The patency of the naso-frontal duct is a key issue in the surgical management of chronic frontal sinusitis. Most of the current operative techniques only provide access to the paramedian portions of the frontal sinus. A canalization approach that allows a functional frontal sinus to be maintained while providing good access to the most lateral areas of the sinus is described herein. Two cases of severe post-traumatic frontal sinusitis, operated on successfully by canalization method based on the conservation of the frontal sinus and the maintenance of the patency of the naso-frontal duct, using both open and endonasal approaches, are reported. One patient was followed-up for 8 years and the other for 7 months. Canalization requires validation in a larger series. This approach provides an alternative to both cranialization and strictly endoscopic methods in lateralized frontal sinus retentions and allows mucocele to be avoided.
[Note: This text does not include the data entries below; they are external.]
text \<open>With \<open>s = 1 - t\<close> one has \<open>1 - t\<^sup>2 = 2 s - s\<^sup>2\<close>, so the two exponentials differ by a
  factor \<open>exp (- u s\<^sup>2)\<close> that is \<open>1 + O(|u| s\<^sup>2)\<close>.\<close>
lemma norm_exp_quadratic_sub_exp_linear_le:
  fixes u :: complex and t :: real
  assumes "Re u < 0" and "t \<in> {0..1}"
  shows "norm ((1 - of_real t) * (exp (u * (1 - of_real t ^ 2)) - exp (2 * u * (1 - of_real t))))
         \<le> norm u * ((1 - t) ^ 3 * exp (Re u * (1 - t)))"
proof -
  define s where "s = 1 - t"
  have s: "0 \<le> s" "s \<le> 1" using assms(2) unfolding s_def by auto
  have "exp (u * (1 - of_real t ^ 2)) = exp (2 * u * of_real s + (- (u * of_real s ^ 2)))"
    by (rule arg_cong[where f = exp]) (simp add: s_def algebra_simps power2_eq_square)
  then have "exp (u * (1 - of_real t ^ 2)) - exp (2 * u * (1 - of_real t)) =
       exp (2 * u * of_real s) * (exp (- (u * of_real s ^ 2)) - 1)"
    unfolding exp_add by (simp add: s_def algebra_simps)
  moreover have "norm (1 - complex_of_real t) = s"
    using s unfolding s_def by (metis of_real_1 of_real_diff norm_of_real abs_of_nonneg)
  ultimately have eq: "norm ((1 - of_real t) * (exp (u * (1 - of_real t ^ 2)) - exp (2 * u * (1 - of_real t))))
       = s * (exp (2 * Re u * s) * norm (exp (- (u * of_real s ^ 2)) - 1))"
    by (simp add: norm_mult norm_exp_eq_Re)
  have "norm (exp (- (u * of_real s ^ 2)) - 1) \<le> norm u * s ^ 2 * exp (- Re u * s ^ 2)"
    using norm_exp_minus_one_le[of "- (u * of_real s ^ 2)"] assms(1)
    by (simp add: norm_mult norm_power power2_eq_square mult_nonpos_nonneg)
  then have "s * (exp (2 * Re u * s) * norm (exp (- (u * of_real s ^ 2)) - 1))
      \<le> norm u * (s ^ 3 * exp (2 * Re u * s - Re u * s ^ 2))"
    using s by (auto intro!: mult_left_mono simp: exp_diff exp_minus field_simps power3_eq_cube power2_eq_square)
  also have "\<dots> \<le> norm u * (s ^ 3 * exp (Re u * s))"
  proof -
    have "s ^ 2 \<le> s" using s by (simp add: power2_eq_square mult_left_le_one_le)
    then have "- Re u * s ^ 2 \<le> - Re u * s" using assms(1) by (intro mult_left_mono) auto
    then show ?thesis using s by (intro mult_left_mono) (auto simp: mult.commute)
  qed
  finally show ?thesis unfolding eq s_def .
qed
Chronic sinusitis (CS) markedly reduces quality of life and may occur many decades after frontal sinus fracture. Infectious complications occurring in frontal sinus fractures, such as CS, are often related to an injury of the naso-frontal duct, especially when there are associated naso-ethmoidal or supraorbital fractures. Current therapies for CS due to frontal sinus fracture are either endoscopic or based on an open approach such as cranialization or obliteration. Two cases of chronic frontal sinusitis due to lateral bony septa after frontal sinus fractures, treated by a novel functional approach combining a modified cranialization and catheterization of the naso-frontal duct, are reported here.
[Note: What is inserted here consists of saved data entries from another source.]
(* Let $m\ge 3$, $H=B(l_1,\ldots,l_m)$ and $G=H^2$. Then $G$ is equitably $(m+1)$-choosable.
   Context: All graphs are finite and simple. For $m,l_1,\ldots,l_m\in\mathbb{N}$ with $l_1\le\cdots\le l_m$, $B(l_1,\ldots,l_m)$ is the graph with vertex set $\{u\}\cup\{v_{i,j}: i\in[m], j\in[l_i]\}$ in which, for each $i\in[m]$, consecutive vertices in the sequence $u, v_{i,1},\ldots,v_{i,l_i}$ are adjacent (and there are no other edges). For a graph $H$, $H^2$ has vertex set $V(H)$ with two vertices adjacent iff their distance in $H$ is 1 or 2. A $k$-assignment $L$ assigns to each vertex a set of exactly $k$ colors; an equitable $L$-coloring of $G$ is a proper coloring $f$ with $f(v)\in L(v)$ such that no color is used more than $\lceil |V(G)|/k\rceil$ times; $G$ is equitably $k$-choosable if it has an equitable $L$-coloring for every $k$-assignment $L$. *)

theory Defs
  imports Complex_Main
begin

text \<open>Simple graphs: a finite vertex set V and a symmetric irreflexive adjacency
relation E (only its restriction to V matters).\<close>

definition B_verts :: "nat \<Rightarrow> (nat \<Rightarrow> nat) \<Rightarrow> (nat \<times> nat) option set" where
  "B_verts m l = {None} \<union> {Some (i, j) | i j. 1 \<le> i \<and> i \<le> m \<and> 1 \<le> j \<and> j \<le> l i}"

text \<open>u is None, v_{i,j} is Some (i,j).\<close>
definition B_adj :: "nat \<Rightarrow> (nat \<Rightarrow> nat) \<Rightarrow> (nat \<times> nat) option \<Rightarrow> (nat \<times> nat) option \<Rightarrow> bool" where
  "B_adj m l x y \<longleftrightarrow> x \<in> B_verts m l \<and> y \<in> B_verts m l \<and>
     ((\<exists>i. (x = None \<and> y = Some (i, 1)) \<or> (y = None \<and> x = Some (i, 1))) \<or>
      (\<exists>i j. (x = Some (i, j) \<and> y = Some (i, Suc j)) \<or> (y = Some (i, j) \<and> x = Some (i, Suc j))))"

definition square_adj :: "'a set \<Rightarrow> ('a \<Rightarrow> 'a \<Rightarrow> bool) \<Rightarrow> 'a \<Rightarrow> 'a \<Rightarrow> bool" where
  "square_adj V E x y \<longleftrightarrow> x \<in> V \<and> y \<in> V \<and> x \<noteq> y \<and>
     (E x y \<or> (\<exists>w\<in>V. E x w \<and> E w y))"

definition k_assignment :: "'a set \<Rightarrow> nat \<Rightarrow> ('a \<Rightarrow> nat set) \<Rightarrow> bool" where
  "k_assignment V k L \<longleftrightarrow> (\<forall>v\<in>V. finite (L v) \<and> card (L v) = k)"

definition equitable_L_coloring ::
  "'a set \<Rightarrow> ('a \<Rightarrow> 'a \<Rightarrow> bool) \<Rightarrow> nat \<Rightarrow> ('a \<Rightarrow> nat set) \<Rightarrow> ('a \<Rightarrow> nat) \<Rightarrow> bool" where
  "equitable_L_coloring V E k L f \<longleftrightarrow>
     (\<forall>v\<in>V. f v \<in> L v) \<and>
     (\<forall>x\<in>V. \<forall>y\<in>V. E x y \<longrightarrow> f x \<noteq> f y) \<and>
     (\<forall>c. card {v\<in>V. f v = c} \<le> nat \<lceil>real (card V) / real k\<rceil>)"

definition equitably_choosable :: "'a set \<Rightarrow> ('a \<Rightarrow> 'a \<Rightarrow> bool) \<Rightarrow> nat \<Rightarrow> bool" where
  "equitably_choosable V E k \<longleftrightarrow>
     (\<forall>L. k_assignment V k L \<longrightarrow> (\<exists>f. equitable_L_coloring V E k L f))"

end

theory Submission
  imports Defs
begin

text \<open>Induction on the number n = 1 + l_1 + ... + l_m of vertices. If n \<le> m + 1, all vertices
  get distinct colours. Otherwise remove R = (n - 1) mod (m + 1) + 1 vertices from the ends of
  the legs, so that the remaining graph has a multiple of m + 1 vertices, and colour it
  equitably by induction. The removed vertices then get pairwise distinct colours from their
  lists, avoiding the colours of their neighbours in the remaining graph: each colour class
  grows by at most one while the bound \<lceil>n / (m + 1)\<rceil> grows by one. Such colours exist by a
  greedy choice of distinct representatives, because a removed vertex has a neighbour left only
  if it is one of the two removed vertices nearest to the rest of its leg, two only if it is the
  nearest one, and more only if it is the first vertex of a leg removed entirely; R is split
  among the legs so that these vertices are few.\<close>

section \<open>Extending equitable list colourings\<close>

lemma distinct_representatives_if_card_small_le:
  assumes "finite S" and "\<forall>x\<in>S. finite (A x)"
    and "\<And>j. card {x\<in>S. card (A x) \<le> j} \<le> j"
  shows "\<exists>g. inj_on g S \<and> (\<forall>x\<in>S. g x \<in> A x)"
  using assms
proof (induction "card S" arbitrary: S)
  case 0
  then show ?case by auto
next
  case (Suc n)
  then have "S \<noteq> {}" by auto
  then have "Max ((\<lambda>x. card (A x)) ` S) \<in> (\<lambda>x. card (A x)) ` S"
    using Suc.prems(1) by (intro Max_in) auto
  then obtain z where z: "z \<in> S" and "card (A z) = Max ((\<lambda>x. card (A x)) ` S)"
    by (metis imageE)
  then have z_max: "\<forall>x\<in>S. card (A x) \<le> card (A z)" using Suc.prems(1) by simp
  have "{x\<in>S. card (A x) \<le> card (A z)} = S" using z_max by auto
  then have large: "card S \<le> card (A z)" using Suc.prems(3) by metis
  have n: "n = card (S - {z})" using Suc.hyps(2) z by simp
  have "card {x\<in>S - {z}. card (A x) \<le> j} \<le> j" for j
  proof -
    have "card {x\<in>S - {z}. card (A x) \<le> j} \<le> card {x\<in>S. card (A x) \<le> j}"
      by (rule card_mono) (use Suc.prems(1) in auto)
    then show ?thesis using Suc.prems(3)[of j] by linarith
  qed
  then obtain g where g: "inj_on g (S - {z})" "\<forall>x\<in>S - {z}. g x \<in> A x"
    using Suc.hyps(1)[OF n] Suc.prems by auto
  have "card (g ` (S - {z})) < card (A z)"
    using card_image_le[of "S - {z}" g] Suc.prems(1) n large Suc.hyps(2) by simp
  then obtain c where c: "c \<in> A z" "c \<notin> g ` (S - {z})"
    using card_mono[of "g ` (S - {z})" "A z"] Suc.prems(1) by force
  have "inj_on (g(z := c)) S"
    using g(1) c(2) z by (auto simp: inj_on_def)
  moreover have "\<forall>x\<in>S. (g(z := c)) x \<in> A x" using g(2) c(1) by auto
  ultimately show ?case by blast
qed

lemma equitably_choosable_subgraph:
  assumes "equitably_choosable V E' k" and "\<And>x y. x \<in> V \<Longrightarrow> y \<in> V \<Longrightarrow> E x y \<Longrightarrow> E' x y"
  shows "equitably_choosable V E k"
  unfolding equitably_choosable_def
proof (intro allI impI)
  fix L assume "k_assignment V k L"
  then obtain f where "equitable_L_coloring V E' k L f"
    using assms(1) unfolding equitably_choosable_def by blast
  then have "equitable_L_coloring V E k L f"
    using assms(2) unfolding equitable_L_coloring_def by blast
  then show "\<exists>f. equitable_L_coloring V E k L f" by blast
qed

lemma nat_ceiling_divide_minus_mod_less:
  assumes "0 < k"
  shows "nat \<lceil>real (N - N mod k) / real k\<rceil> < nat \<lceil>real (Suc N) / real k\<rceil>"
proof -
  have "real (N - N mod k) / real k = real (N div k)"
    using assms by (simp add: minus_mod_eq_div_mult)
  then have lhs: "nat \<lceil>real (N - N mod k) / real k\<rceil> = N div k" by simp
  have "real (N div k * k) < real (Suc N)"
    using div_times_less_eq_dividend[of N k] by linarith
  then have "real (N div k) < real (Suc N) / real k"
    using assms by (simp add: field_simps)
  then have "int (N div k) < \<lceil>real (Suc N) / real k\<rceil>"
    by (simp add: less_ceiling_iff)
  then show ?thesis unfolding lhs by (simp add: zless_nat_eq_int_zless)
qed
The cases of two patients with post-traumatic chronic frontal sinusitis refractory to several attempts of antibiotic treatment were addressed to our maxillofacial surgery department. The frontal sinus fractures were subsequent to direct trauma due to traffic accidents in both cases. No surgical management had been performed during the acute phase after the initial trauma.
The first patient was a 48-year-old male with a history of left frontal sinus fracture 12 years prior. He had undergone an unsuccessful iliac crest bone graft intended to reconstruct the outer table of the frontal sinus 8 years after the initial trauma. A computed tomography (CT) scan obtained at 12 years after the initial trauma showed infection in all paranasal sinuses, with an osseous septum in the latero-distal corner of the left frontal sinus, as well as bilateral obstruction of the naso-frontal ducts due to a thickening of the nasal mucosa ( Fig. 1 a). The second patient was a 39-year-old male with a history of right frontal sinus fracture 15 years prior. A CT scan obtained at 15 years after the initial trauma showed complete blockage of the right frontal sinus, with anterior and inferior wall fractures, as well as an obstruction of the right naso-frontal duct.
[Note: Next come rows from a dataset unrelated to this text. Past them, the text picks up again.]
(* Let $a>1$, $d\ge 4$, and let $G$ be generated by the security model $\mathcal{S}(n,a,d)$; let $T_1=\log^{a+1}n$. Then with probability $1-o(1)$: (1) every community (homochromatic set) of $G$ has size $O(\log^{a+1} n)$; and (2) for every $t\ge T_1$, every community at the end of time step $t$ has size $O(\log^{a+1} t)$.
   Context: Security model $\mathcal{S}(n,a,d)$ (homophyly exponent $a$, natural number $d$): start with an initial graph $G_2$ on two nodes, each of which is a seed node with its own distinct color. For $i=3,\dots,n$, given $G_{i-1}$, let $p_i=(\log i)^{-a}$ and create a new node $v$. With probability $p_i$, $v$ receives a brand-new color $c$ and is called the seed node of $c$; then one edge $(v,u)$ is added with $u$ chosen with probability proportional to degrees in $G_{i-1}$, and $d-1$ edges $(v,u_j)$ are added, each $u_j$ chosen uniformly at random among all seed nodes of $G_{i-1}$. Otherwise, $v$ picks a color $c$ uniformly at random among all colors present in $G_{i-1}$, takes color $c$, and $d$ edges $(v,u_j)$ are added, each $u_j$ chosen with probability proportional to degree among the nodes of color $c$ in $G_{i-1}$. The network is $G=G_n$. A homochromatic set is the set of all nodes of one color; here its size is the size of that set (at the end of the construction, or at the end of step $t$). *)

theory Defs
  imports "HOL-Probability.Probability"
begin

text \<open>State of the security model after some step:
  (colour list, seed-node set, edge multiset). Nodes are 0,...,length col - 1;
  node v has colour col ! v. Edges form a multigraph (multiset of pairs).\<close>

type_synonym sm_state = "nat list \<times> nat set \<times> (nat \<times> nat) multiset"

definition deg_ms :: "(nat \<times> nat) multiset \<Rightarrow> nat multiset" where
  "deg_ms E = image_mset fst E + image_mset snd E"

primrec iid_list :: "nat \<Rightarrow> 'a pmf \<Rightarrow> 'a list pmf" where
  "iid_list 0 p = return_pmf []"
| "iid_list (Suc k) p = do { x \<leftarrow> p; xs \<leftarrow> iid_list k p; return_pmf (x # xs) }"

text \<open>Step i: given G_{i-1}, create node v = i - 1 (0-based).\<close>
definition sm_step :: "real \<Rightarrow> nat \<Rightarrow> nat \<Rightarrow> sm_state \<Rightarrow> sm_state pmf" where
  "sm_step a d i s = (case s of (col, S, E) \<Rightarrow>
     (let v = length col in
      do { b \<leftarrow> bernoulli_pmf ((ln (real i)) powr (- a));
           if b then do {
             u \<leftarrow> pmf_of_multiset (deg_ms E);
             us \<leftarrow> iid_list (d - 1) (pmf_of_set S);
             return_pmf (col @ [card (set col)], insert v S,
                         E + {#(v, u)#} + mset (map (\<lambda>w. (v, w)) us)) }
           else do {
             c \<leftarrow> pmf_of_set (set col);
             us \<leftarrow> iid_list d (pmf_of_multiset (filter_mset (\<lambda>w. col ! w = c) (deg_ms E)));
             return_pmf (col @ [c], S, E + mset (map (\<lambda>w. (v, w)) us)) } }))"

definition sm_init :: sm_state where
  "sm_init = ([0, 1], {0, 1}, {#(0, 1)#})"

text \<open>sm_graph a d n is the distribution of G_n (for n \<ge> 2).\<close>
primrec sm_graph :: "real \<Rightarrow> nat \<Rightarrow> nat \<Rightarrow> sm_state pmf" where
  "sm_graph a d 0 = return_pmf sm_init"
| "sm_graph a d (Suc t) =
     (if Suc t \<le> 2 then return_pmf sm_init else sm_graph a d t \<bind> sm_step a d (Suc t))"

text \<open>Size of the homochromatic set of colour c among the first t nodes
  (i.e. at the end of step t, since nodes never change colour).\<close>
definition comm_size_at :: "nat list \<Rightarrow> nat \<Rightarrow> nat \<Rightarrow> nat" where
  "comm_size_at col t c = length (filter (\<lambda>x. x = c) (take t col))"

end

theory Submission
  imports Defs "HOL-Real_Asymp.Real_Asymp"
begin

text \<open>Only the colour list matters, and it is a Markov chain of its own: at step \<open>i\<close> a new colour
  appears with probability \<open>p\<^sub>i = ln\<^sup>-\<^sup>a i\<close>, otherwise a uniformly random present colour is
  repeated. Fix a time \<open>t\<close> and put \<open>L = ln t\<close>, \<open>A = L\<^sup>a\<close>. A Chernoff bound on the number of
  seeds shows that, except with probability \<open>t\<^sup>-\<^sup>3\<close>, every time \<open>r \<ge> s\<^sub>0 \<approx> 16 L A\<close> up to \<open>t\<close>
  has at least \<open>m\<^sub>r = (r - 2) / (4 A)\<close> colours. On this event the potential \<open>\<Sum>\<^sub>c q\<^bsup>|c|\<^esup>\<close>
  with \<open>q = 1 + 1/A\<close> grows in expectation by a factor at most \<open>1 + (q - 1)/m\<^sub>r = 1 + 4/(r - 2)\<close>
  per step, so its expectation at time \<open>t\<close> is \<open>O(t\<^sup>1\<^sup>3)\<close>, whereas a class of size \<open>40 L A\<close> forces
  it above \<open>q\<^bsup>40 L A\<^esup> \<ge> t\<^sup>2\<^sup>0\<close>. Hence a class larger than \<open>40 ln\<^bsup>a+1\<^esup> t\<close> exists at time \<open>t\<close>
  with probability \<open>O(t\<^sup>-\<^sup>3)\<close>, and a union bound over \<open>ln\<^bsup>a+1\<^esup> n \<le> t \<le> n\<close> finishes the proof.\<close>

section \<open>The colour process\<close>

definition seed_prob :: "real \<Rightarrow> nat \<Rightarrow> real" where
  "seed_prob a i = ln (real i) powr (- a)"

definition colour_step :: "real \<Rightarrow> nat \<Rightarrow> nat list \<Rightarrow> nat list pmf" where
  "colour_step a i col = bernoulli_pmf (seed_prob a i) \<bind> (\<lambda>b.
     if b then return_pmf (col @ [card (set col)])
     else map_pmf (\<lambda>c. col @ [c]) (pmf_of_set (set col)))"

primrec colour_process :: "real \<Rightarrow> nat \<Rightarrow> nat list pmf" where
  "colour_process a 0 = return_pmf [0, 1]"
| "colour_process a (Suc t) =
     (if Suc t \<le> 2 then return_pmf [0, 1] else colour_process a t \<bind> colour_step a (Suc t))"

lemma map_pmf_fst_sm_step: "map_pmf fst (sm_step a d i s) = colour_step a i (fst s)"
  unfolding sm_step_def colour_step_def seed_prob_def
  by (cases s) (auto simp: map_bind_pmf Let_def pmf.map_comp o_def map_pmf_const intro!: bind_pmf_cong,
      simp add: map_pmf_def)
Surgical management was similar in both cases. A Cairns–Unterberger incision was made. A pedicled periosteal temporal flap was elevated across the midline towards the contralateral superficial temporal aponeurosis. A frontal bone window was performed in order to provide good access to the lateral septa and mucosa. The infected bone and sinus mucosa were resected, but the healthy sinus mucosa was preserved. The inner table of the frontal sinus was then resected in order to clear the frontal sinus from inflammatory and potentially infected components. The naso-frontal duct was catheterized and its ostium was enlarged on the sinus side. An anterior ethmoidectomy and removal of the unciform process allowed visualization of the middle meatus. The middle turbinate was resected and the naso-frontal duct was localized; its ostium was enlarged on the nasal side. The naso-frontal duct was catheterized up to the lateral side of the frontal sinus using a rolled silicone sheet. The periosteal flap was positioned between the dura and the silicone tube and sutured to the dura (with reinforcement using glue) in order to obtain a substitute for the inner table and isolate the dura from the sinus. The silicone tube was covered with the periosteal flap and the latter was sutured to the outer table in order to re-establish a sinus cavity ( Fig. 2 ). The dura was suspended around the frontal flap and the flap was closed with two drains.